Dependency graphs can be tracked explicitly in datafs, and each version can have its own dependencies.

You specify dependencies from the command line interface or from within python.

Note

Dependencies are not currently validated in any way, so entering a dependency that is not a valid archive name or version will not raise an error.

Specifying Dependencies

On write

Dependencies can be set when using the --dependency option to the update command. To specify several dependencies, use multiple --dependency archive[==version] arguments.

Each --dependency value should have the syntax archive_name==version. Supplying only the archive name will result in a value of None. A value of None is a valid dependency specification, where the version is treated as unpinned and is always interpreted as the dependency’s latest version.

For example:

$ datafs create my_archive

$ echo "contents depend on archive 2 v1.1" >> arch.txt

$ datafs update my_archive arch.txt  --dependency "archive2==1.1" --dependency "archive3"

$ datafs get_dependencies my_archive
{'archive2': '1.1', 'archive3': None}

After write

Dependencies can also be added to the latest version of an archive using the set_dependencies command:

$ datafs set_dependencies my_archive --dependency archive2==1.2

$ datafs get_dependencies my_archive
{'archive2': '1.2'}

Using a requirements file

If a requirements file is present at api creation, all archives written with that api object will have the specified dependencies by default.

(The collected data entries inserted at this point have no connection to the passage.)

(* Let $\mathfrak{g}$, $P$, $QT_{\mathfrak{g}}$ and $\tau_\pm$ be as in the context, and for $\gamma\in SL(2,\mathbb{Z})$ let $A_\gamma$ denote the corresponding automorphism of $QT_{\mathfrak{g}}$ generated by $\tau_\pm$ (with the composition convention of the context). If $\gamma=\begin{pmatrix} b & a\\ p & r\end{pmatrix}\in SL(2,\mathbb{Z})$, then for all $\lambda,\mu\in P$, $$A_\gamma(Y^\lambda X^\mu)=q^{-2(\mu,\mu)ab-4(\mu,\lambda)ap-2(\lambda,\lambda)pr}\,Y^{r\lambda+a\mu}X^{p\lambda+b\mu}.$$
   Context: $\mathbb{C}_q$ denotes the algebraic closure of $\mathbb{C}((q))$. Let $\mathfrak{g}$ be simply laced with invariant bilinear form $(\cdot,\cdot)$, fundamental weights $w_1,\dots,w_r$ and weight lattice $P=\bigoplus_i\mathbb{Z}w_i$; the coweight lattice $P^\vee$ is identified with $P$ via $(\cdot,\cdot)$. $QT_{\mathfrak{g}}$ is the $\mathbb{C}_q$-algebra generated by $X^\mu,Y^\lambda$ ($\mu,\lambda\in P$) with $X^\mu X^{\mu'}=X^{\mu+\mu'}$, $Y^\lambda Y^{\lambda'}=Y^{\lambda+\lambda'}$, $X^0=Y^0=1$, $X^\mu Y^\lambda=q^{-4(\mu,\lambda)}Y^\lambda X^\mu$. Writing $X_i=X^{w_i}$, $Y_i=Y^{w_i}$, the automorphism $\tau_+$ is determined by $\tau_+(X_i)=q^{-2(w_i,w_i)}Y_iX_i$, $\tau_+(Y^\lambda)=Y^\lambda$, and $\tau_-$ by $\tau_-(X^\mu)=X^\mu$, $\tau_-(Y_i)=q^{2(w_i,w_i)}X_iY_i$. Set $T_+=\begin{pmatrix}1&1\\0&1\end{pmatrix}$, $T_-=\begin{pmatrix}1&0\\1&1\end{pmatrix}$, $A_{T_\pm}=\tau_\pm$, $A_{T_\pm^{-1}}=\tau_\pm^{-1}$; for $\gamma=M_1M_2\cdots M_k$ with each $M_j\in\{T_\pm^{\pm1}\}$, $A_\gamma:=A_{M_k}\circ\cdots\circ A_{M_1}$. *)

theory Defs
  imports "HOL-Library.Poly_Mapping" "HOL-Library.Function_Algebras"
          "HOL-Computational_Algebra.Formal_Laurent_Series"
          "HOL-Algebra.Algebraic_Closure_Type"
begin

type_synonym Cq = "complex fls alg_closure"

definition q_var :: Cq where "q_var = to_ac fls_X"

text \<open>A coherent choice of rational powers of q in Cq:
  qp x plays the role of q to the power x (x rational).\<close>
definition qpow_system :: "(rat \<Rightarrow> Cq) \<Rightarrow> bool" where
  "qpow_system qp \<longleftrightarrow> (\<forall>x y. qp (x + y) = qp x * qp y) \<and> qp 1 = q_var"

definition simply_laced_cartan :: "('n::finite \<Rightarrow> 'n \<Rightarrow> int) \<Rightarrow> bool" where
  "simply_laced_cartan C \<longleftrightarrow>
     (\<forall>i. C i i = 2) \<and> (\<forall>i j. i \<noteq> j \<longrightarrow> C i j \<in> {0, -1}) \<and>
     (\<forall>i j. C i j = C j i) \<and>
     (\<forall>v :: 'n \<Rightarrow> int. v \<noteq> 0 \<longrightarrow> (\<Sum>i. \<Sum>j. v i * C i j * v j) > 0)"

text \<open>B i j = (w_i, w_j): the Gram matrix of the fundamental weights, i.e.
  the inverse Cartan matrix (normalization (alpha,alpha) = 2).\<close>
definition inverse_cartan :: "('n::finite \<Rightarrow> 'n \<Rightarrow> int) \<Rightarrow> ('n \<Rightarrow> 'n \<Rightarrow> rat) \<Rightarrow> bool" where
  "inverse_cartan C B \<longleftrightarrow>
     (\<forall>i j. (\<Sum>k. of_int (C i k) * B k j) = (if i = j then 1 else 0))"

text \<open>Weights in P are integer coordinate vectors w.r.t. the fundamental weights.\<close>
definition wform :: "('n::finite \<Rightarrow> 'n \<Rightarrow> rat) \<Rightarrow> ('n \<Rightarrow> int) \<Rightarrow> ('n \<Rightarrow> int) \<Rightarrow> rat" where
  "wform B lam mu = (\<Sum>i. \<Sum>j. of_int (lam i) * of_int (mu j) * B i j)"

definition fund_weight :: "'n \<Rightarrow> ('n \<Rightarrow> int)" where
  "fund_weight i = (\<lambda>j. if j = i then 1 else 0)"

type_synonym 'n qt = "(('n \<Rightarrow> int) \<times> ('n \<Rightarrow> int)) \<Rightarrow>\<^sub>0 Cq"

text \<open>qt_mono lam mu is the monomial Y^lam X^mu.\<close>
definition qt_mono :: "('n \<Rightarrow> int) \<Rightarrow> ('n \<Rightarrow> int) \<Rightarrow> 'n qt" where
  "qt_mono lam mu = Poly_Mapping.single (lam, mu) 1"

definition qt_X :: "('n \<Rightarrow> int) \<Rightarrow> 'n qt" where "qt_X mu = qt_mono 0 mu"
definition qt_Y :: "('n \<Rightarrow> int) \<Rightarrow> 'n qt" where "qt_Y lam = qt_mono lam 0"
definition qt_one :: "'n qt" where "qt_one = qt_mono 0 0"

definition qt_smult :: "Cq \<Rightarrow> 'n qt \<Rightarrow> 'n qt" where
  "qt_smult c x = Poly_Mapping.map (\<lambda>v. c * v) x"

text \<open>Multiplication: (Y^l1 X^m1)(Y^l2 X^m2) = q^(-4(m1,l2)) Y^(l1+l2) X^(m1+m2),
  from X^mu Y^lam = q^(-4(mu,lam)) Y^lam X^mu.\<close>
definition qt_mul :: "(rat \<Rightarrow> Cq) \<Rightarrow> ('n::finite \<Rightarrow> 'n \<Rightarrow> rat) \<Rightarrow> 'n qt \<Rightarrow> 'n qt \<Rightarrow> 'n qt" where
  "qt_mul qp B x y =
     (\<Sum>u\<in>Poly_Mapping.keys x. \<Sum>v\<in>Poly_Mapping.keys y.
        Poly_Mapping.single (fst u + fst v, snd u + snd v)
          (Poly_Mapping.lookup x u * Poly_Mapping.lookup y v * qp (-4 * wform B (snd u) (fst v))))"

definition is_qt_alg_hom :: "(rat \<Rightarrow> Cq) \<Rightarrow> ('n::finite \<Rightarrow> 'n \<Rightarrow> rat) \<Rightarrow> ('n qt \<Rightarrow> 'n qt) \<Rightarrow> bool" where
  "is_qt_alg_hom qp B f \<longleftrightarrow>
     (\<forall>x y. f (x + y) = f x + f y) \<and>
     (\<forall>x y. f (qt_mul qp B x y) = qt_mul qp B (f x) (f y)) \<and>
     (\<forall>c x. f (qt_smult c x) = qt_smult c (f x)) \<and>
     f qt_one = qt_one"

definition tau_plus :: "(rat \<Rightarrow> Cq) \<Rightarrow> ('n::finite \<Rightarrow> 'n \<Rightarrow> rat) \<Rightarrow> 'n qt \<Rightarrow> 'n qt" where
  "tau_plus qp B = (THE f. is_qt_alg_hom qp B f \<and>
     (\<forall>i. f (qt_X (fund_weight i)) =
          qt_smult (qp (-2 * wform B (fund_weight i) (fund_weight i)))
            (qt_mul qp B (qt_Y (fund_weight i)) (qt_X (fund_weight i)))) \<and>
     (\<forall>lam. f (qt_Y lam) = qt_Y lam))"

definition tau_minus :: "(rat \<Rightarrow> Cq) \<Rightarrow> ('n::finite \<Rightarrow> 'n \<Rightarrow> rat) \<Rightarrow> 'n qt \<Rightarrow> 'n qt" where
  "tau_minus qp B = (THE f. is_qt_alg_hom qp B f \<and>
     (\<forall>mu. f (qt_X mu) = qt_X mu) \<and>
     (\<forall>i. f (qt_Y (fund_weight i)) =
          qt_smult (qp (2 * wform B (fund_weight i) (fund_weight i)))
            (qt_mul qp B (qt_X (fund_weight i)) (qt_Y (fund_weight i)))))"

text \<open>2x2 integer matrices (b, a, p, r) stand for [[b, a], [p, r]].\<close>
type_synonym mat2 = "int \<times> int \<times> int \<times> int"

fun mat2_mult :: "mat2 \<Rightarrow> mat2 \<Rightarrow> mat2" where
  "mat2_mult (b, a, p, r) (b', a', p', r') =
     (b * b' + a * p', b * a' + a * r', p * b' + r * p', p * a' + r * r')"

datatype sl2gen = Tp | Tm | Tp_inv | Tm_inv

fun gen_mat :: "sl2gen \<Rightarrow> mat2" where
  "gen_mat Tp = (1, 1, 0, 1)"
| "gen_mat Tm = (1, 0, 1, 1)"
| "gen_mat Tp_inv = (1, -1, 0, 1)"
| "gen_mat Tm_inv = (1, 0, -1, 1)"

fun word_mat :: "sl2gen list \<Rightarrow> mat2" where
  "word_mat [] = (1, 0, 0, 1)"
| "word_mat (m # ms) = mat2_mult (gen_mat m) (word_mat ms)"

fun gen_aut :: "(rat \<Rightarrow> Cq) \<Rightarrow> ('n::finite \<Rightarrow> 'n \<Rightarrow> rat) \<Rightarrow> sl2gen \<Rightarrow> 'n qt \<Rightarrow> 'n qt" where
  "gen_aut qp B Tp = tau_plus qp B"
| "gen_aut qp B Tm = tau_minus qp B"
| "gen_aut qp B Tp_inv = inv_into UNIV (tau_plus qp B)"
| "gen_aut qp B Tm_inv = inv_into UNIV (tau_minus qp B)"

text \<open>For gamma = M_1 M_2 ... M_k: A_gamma = A_{M_k} o ... o A_{M_1}.\<close>
fun word_aut :: "(rat \<Rightarrow> Cq) \<Rightarrow> ('n::finite \<Rightarrow> 'n \<Rightarrow> rat) \<Rightarrow> sl2gen list \<Rightarrow> 'n qt \<Rightarrow> 'n qt" where
  "word_aut qp B [] = id"
| "word_aut qp B (m # ms) = word_aut qp B ms \<circ> gen_aut qp B m"

end

theory Submission
  imports Defs "HOL-Library.Product_Plus"
begin

text \<open>
  In the Weyl-ordered basis E(\<lambda>, \<mu>) = q^(-2(\<lambda>, \<mu>)) Y^\<lambda> X^\<mu> the product of the quantum
  torus only sees the antisymmetric form \<omega>((\<lambda>, \<mu>), (\<lambda>', \<mu>')) = (\<lambda>, \<mu>') - (\<mu>, \<lambda>'):
  E(k) E(l) = q^(2 \<omega>(k, l)) E(k + l). An integer matrix acting linearly on exponent pairs
  multiplies \<omega> by its determinant, so every \<gamma> in SL(2, \<int>) gives an automorphism
  E(k) \<mapsto> E(\<gamma> k), and these automorphisms compose like the matrices. An algebra homomorphism
  is determined by its values on the X_i and Y_i, and on these \<tau>+ and \<tau>- agree with the
  automorphisms of T+ and T-. Hence A_\<gamma> permutes the E(k) along \<gamma>, which is the theorem
  written in the basis Y^\<lambda> X^\<mu>.
\<close>

lemma qpow_zero:
  assumes "qpow_system qp"
  shows "qp 0 = 1"
proof -
  have "q_var \<noteq> 0"
    unfolding q_var_def by (metis fls_X_nonzero to_ac_0 to_ac_eq_iff)
  moreover have "qp 1 = qp 1 * qp 0"
    using assms unfolding qpow_system_def by (metis add_0_right)
  ultimately show ?thesis
    using assms by (simp add: qpow_system_def)
qed

lemma qpow_add:
  assumes "qpow_system qp"
  shows "qp (x + y) = qp x * qp y"
  using assms by (simp add: qpow_system_def)

lemma Sum_any_eq_sum_UNIV: "Sum_any (g :: 'a::finite \<Rightarrow> 'b::comm_monoid_add) = sum g UNIV"
  by (rule Sum_any.expand_superset) auto

lemma inverse_cartan_sym:
  assumes C_sym: "\<And>i j. C i j = C j i" and "inverse_cartan C B"
  shows "B i j = B j i"
proof -
  have inv: "(\<Sum>k\<in>UNIV. of_int (C i k) * B k j) = (if i = j then 1 else 0)" for i j
    using assms(2) by (simp add: inverse_cartan_def Sum_any_eq_sum_UNIV)
  have inv': "(\<Sum>l\<in>UNIV. B l i * of_int (C l k)) = (if k = i then 1 else 0)" for i k
    using inv[of k i] by (simp only: C_sym[of k] mult.commute)
  have "B i j = (\<Sum>k\<in>UNIV. (if k = i then 1 else 0) * B k j)"
    by (simp add: if_distrib[of "\<lambda>x. x * _"] cong: if_cong)
  also have "\<dots> = (\<Sum>k\<in>UNIV. \<Sum>l\<in>UNIV. B l i * of_int (C l k) * B k j)"
    by (simp only: sum_distrib_right[symmetric] inv')
  also have "\<dots> = (\<Sum>l\<in>UNIV. B l i * (\<Sum>k\<in>UNIV. of_int (C l k) * B k j))"
    by (subst sum.swap) (simp add: sum_distrib_left mult.assoc)
  also have "\<dots> = B j i"
    by (simp add: inv if_distrib[of "\<lambda>x. _ * x"] cong: if_cong)
  finally show ?thesis .
qed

For example, with the following requirements file as requirements_data.txt:

1
2
dep1==1.0
dep2==0.4.1a3

Archives written while in this working directory will have these requirements:

$ echo "depends on dep1 and dep2" > arch.txt

$ datafs update my_archive arch.txt --requirements_file 'requirements_data.txt'

$ datafs get_dependencies my_archive
{'dep1': '1.0', 'dep2': '0.4.1a3'}

Using Dependencies

Retrieve dependencies with the dependencies command:

$ datafs get_dependencies my_archive
{'dep1': '1.0', 'dep2': '0.4.1a3'}

Get dependencies for older versions using the --version argument:

$ datafs get_dependencies my_archive --version 0.0.1
{'archive2': '1.1', 'archive3': None}